In Garcetti v. Ceballos, 547 U.S. 410 (2006), the Supreme Court held that statements made pursuant to the official duties of public employees are not shielded by the First Amendment from employer discipline, despite a warning from three dissenting justices that the holding could "imperil First Amendment protection of academic freedom in public college and universities." This article responds to the invitation in Garcetti to identify constitutional interests that support academic freedom and that are not fully accounted for by public-employee speech jurisprudence. It also argues that, contrary to common understanding, academic freedom is about more than faculty research and speech in the classroom; academic freedom is also about the freedom of faculties to govern their institutions in a way that accords with academic values. Part I traces the emergence of the governance dimension of academic freedom from 1915, when the American Association of University Professors (AAUP) credited the German ideal of academic freedom as the inspiration for its Declaration of Principles on Academic Freedom and Academic Tenure. Part II examines the development beginning in the 1950s of constitutional protection for academic freedom. It documents how the constitutional understanding of academic freedom has been compromised by its failure to encompass governance as at the heart of the ideal. Part III uses the broad understanding of academic freedom to reconceptualize academic freedom within the First Amendment.
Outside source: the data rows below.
text \<open>Centered representative of a class in Poly_d^mt: monic, degree d, vanishing
  coefficient of z^(d-1) (each class mod translation has exactly one such representative).\<close>
definition centered_monic :: "nat \<Rightarrow> complex poly \<Rightarrow> bool" where
  "centered_monic d p \<longleftrightarrow> degree p = d \<and> lead_coeff p = 1 \<and> coeff p (d - 1) = 0"

definition critical_values :: "complex poly \<Rightarrow> complex set" where
  "critical_values p = {poly p z | z. poly (pderiv p) z = 0}"

text \<open>Poly_d^mt(X), embedded via coefficients of the centered representative into
  nat => complex (product topology).\<close>
definition Poly_mt :: "nat \<Rightarrow> complex set \<Rightarrow> (nat \<Rightarrow> complex) set" where
  "Poly_mt d X = {(\<lambda>i. coeff p i) | p. centered_monic d p \<and> critical_values p \<subseteq> X}"

definition is_compactification_of :: "'a::topological_space set \<Rightarrow> 'a set \<Rightarrow> bool" where
  "is_compactification_of K Y \<longleftrightarrow> compact K \<and> Y \<subseteq> K \<and> K \<subseteq> closure Y"

definition closed_rectangle :: "complex set \<Rightarrow> bool" where
  "closed_rectangle S \<longleftrightarrow> (\<exists>w u a b. norm u = 1 \<and> a > 0 \<and> b > 0 \<and>
     S = {w + u * (complex_of_real x + \<i> * complex_of_real y) | x y. 0 \<le> x \<and> x \<le> a \<and> 0 \<le> y \<and> y \<le> b})"

definition closed_annulus :: "complex set \<Rightarrow> bool" where
  "closed_annulus S \<longleftrightarrow> (\<exists>z0 r R. 0 < r \<and> r < R \<and> S = cball z0 R - ball z0 r)"

end

theory Submission
  imports Defs "HOL-Computational_Algebra.Fundamental_Theorem_Algebra"
begin

text \<open>
  The set of centered monic polynomials whose critical values lie in a bounded set
  has bounded critical points, hence bounded coefficients: otherwise rescaling by the largest
  critical point produces, in the limit, a centered polynomial all of whose critical values
  are \<open>0\<close> but which has a critical point on the unit circle, whereas such a polynomial is
  \<open>z ^ d\<close>. Closedness holds because critical values depend continuously on the coefficients.

  For the rectangle and the segment, which are star-shaped about a point \<open>m\<close> of the
  (relative) interior, the polynomial \<open>s\<^sup>-\<^sup>d p (s z) + (1 - s\<^sup>-\<^sup>d) m\<close> with \<open>s > 1\<close> has
  critical values contracted towards \<open>m\<close> into the interior, and tends to \<open>p\<close> as \<open>s \<rightarrow> 1\<close>.
  For the annulus we move each critical value \<open>v\<close> in an inward direction \<open>W v\<close>: if \<open>h\<close>
  interpolates \<open>W (p c)\<close> at the critical points \<open>c\<close> (so \<open>deg h < d - 1\<close> and \<open>p + t h\<close> stays
  centered and monic), the critical values of \<open>p + t h\<close> are \<open>v + t W v + o(t)\<close>.
\<close>

section \<open>Roots and coefficients of complex polynomials\<close>

lemma poly_prod_list_linear: "poly (\<Prod>x\<leftarrow>xs. [:-x, 1:]) z = (\<Prod>x\<leftarrow>xs. z - x)"
  for z :: "'a::comm_ring_1"
  by (induction xs) (auto simp: algebra_simps)

lemma norm_prod_list: "norm (\<Prod>x\<leftarrow>xs. f x) = (\<Prod>x\<leftarrow>xs. norm (f x))"
  for f :: "'a \<Rightarrow> 'b::real_normed_div_algebra"
  by (induction xs) (auto simp: norm_mult)

lemma prod_list_le_power_mult_prod_list:
  fixes f g :: "'a \<Rightarrow> 'b::linordered_semidom"
  assumes "\<And>x. x \<in> set xs \<Longrightarrow> 0 \<le> f x \<and> f x \<le> k * g x"
  shows "(\<Prod>x\<leftarrow>xs. f x) \<le> k ^ length xs * (\<Prod>x\<leftarrow>xs. g x)"
  using assms
proof (induction xs)
  case (Cons a xs)
  have "0 \<le> (\<Prod>x\<leftarrow>xs. f x)" using Cons.prems by (intro prod_list_nonneg) auto
  then have "f a * (\<Prod>x\<leftarrow>xs. f x) \<le> (k * g a) * (k ^ length xs * (\<Prod>x\<leftarrow>xs. g x))"
    using Cons by (intro mult_mono) (auto intro: order_trans)
  then show ?case by (simp add: algebra_simps)
qed simp

lemma complex_poly_decompose_list:
  fixes P :: "complex poly"
  assumes "P \<noteq> 0"
  obtains xs where "mset xs = proots P" "length xs = degree P" "set xs = {z. poly P z = 0}"
    "P = smult (lead_coeff P) (\<Prod>x\<leftarrow>xs. [:-x, 1:])"
proof -
  obtain xs where xs: "mset xs = proots P" using ex_mset by blast
  have "P = smult (lead_coeff P) (\<Prod>x\<in>#proots P. [:-x, 1:])"
    by (rule complex_poly_decompose_multiset [symmetric])
  also have "(\<Prod>x\<in>#proots P. [:-x, 1:]) = (\<Prod>x\<leftarrow>xs. [:-x, 1:])"
    by (subst prod_mset_prod_list [symmetric]) (simp add: xs)
  finally have "P = smult (lead_coeff P) (\<Prod>x\<leftarrow>xs. [:-x, 1:])" .
  moreover have "length xs = degree P"
    using xs size_proots_complex[of P] by (metis size_mset)
  moreover have "set xs = {z. poly P z = 0}"
    using xs assms by (metis set_count_proots set_mset_mset)
  ultimately show ?thesis using that xs by blast
qed

lemma norm_poly_eq_prod_list:
  fixes z :: complex
  assumes "P = smult a (\<Prod>x\<leftarrow>xs. [:-x, 1:])"
  shows "norm (poly P z) = norm a * (\<Prod>x\<leftarrow>xs. norm (z - x))"
  using assms by (simp add: poly_prod_list_linear norm_mult norm_prod_list)

lemma exists_root_norm_power_le:
  fixes P :: "complex poly"
  assumes "degree P \<ge> 1"
  obtains c where "poly P c = 0" "norm (lead_coeff P) * norm (z - c) ^ degree P \<le> norm (poly P z)"
proof -
  have "P \<noteq> 0" using assms by auto
  then obtain xs where xs: "length xs = degree P" "set xs = {z. poly P z = 0}"
    "P = smult (lead_coeff P) (\<Prod>x\<leftarrow>xs. [:-x, 1:])" by (rule complex_poly_decompose_list)
  have "xs \<noteq> []" using xs assms by auto
  define c where "c = arg_min_list (\<lambda>x. norm (z - x)) xs"
  have c: "c \<in> set xs" using \<open>xs \<noteq> []\<close> by (simp add: c_def arg_min_list_in)
  have "norm (z - c) = Min ((\<lambda>x. norm (z - x)) ` set xs)"
    using \<open>xs \<noteq> []\<close> unfolding c_def by (rule f_arg_min_list_f)
  then have "norm (z - c) \<le> norm (z - x)" if "x \<in> set xs" for x
    using that by simp
  then have "(\<Prod>x\<leftarrow>xs. norm (z - c)) \<le> 1 ^ length xs * (\<Prod>x\<leftarrow>xs. norm (z - x))"
    by (intro prod_list_le_power_mult_prod_list) auto
  then have "norm (z - c) ^ degree P \<le> (\<Prod>x\<leftarrow>xs. norm (z - x))"
    using xs(1) by (simp add: map_replicate_const)
  then show ?thesis
    using that c xs by (simp add: norm_poly_eq_prod_list[OF xs(3)] mult_left_mono)
qed

lemma norm_poly_le:
  fixes P :: "complex poly"
  assumes "norm z \<le> r"
  shows "norm (poly P z) \<le> (\<Sum>i\<le>degree P. norm (coeff P i) * r ^ i)"
proof -
  have "norm (poly P z) \<le> (\<Sum>i\<le>degree P. norm (coeff P i * z ^ i))"
    unfolding poly_altdef by (rule norm_sum)
  also have "\<dots> \<le> (\<Sum>i\<le>degree P. norm (coeff P i) * r ^ i)"
    by (intro sum_mono) (simp add: norm_mult norm_power assms mult_left_mono power_mono)
  finally show ?thesis .
qed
Because academic freedom was never justified as a benefit for faculty, but for its value to the First Amendment and to the nation, there is no basis for carving out an exception to Garcetti for faculty. There are good reasons, however, to develop a jurisprudence for the role of government-as-educator, and to distinguish that role from the roles of either government-as-sovereign and government-as-employer. Because of the distinctive nature of the academic workplace, constitutional academic freedom should protect not only a professor’s speech, but her power, as a member of a governing faculty, to be the architect of a place of study and learning that can facilitate the core university tasks of producing and disseminating new knowledge.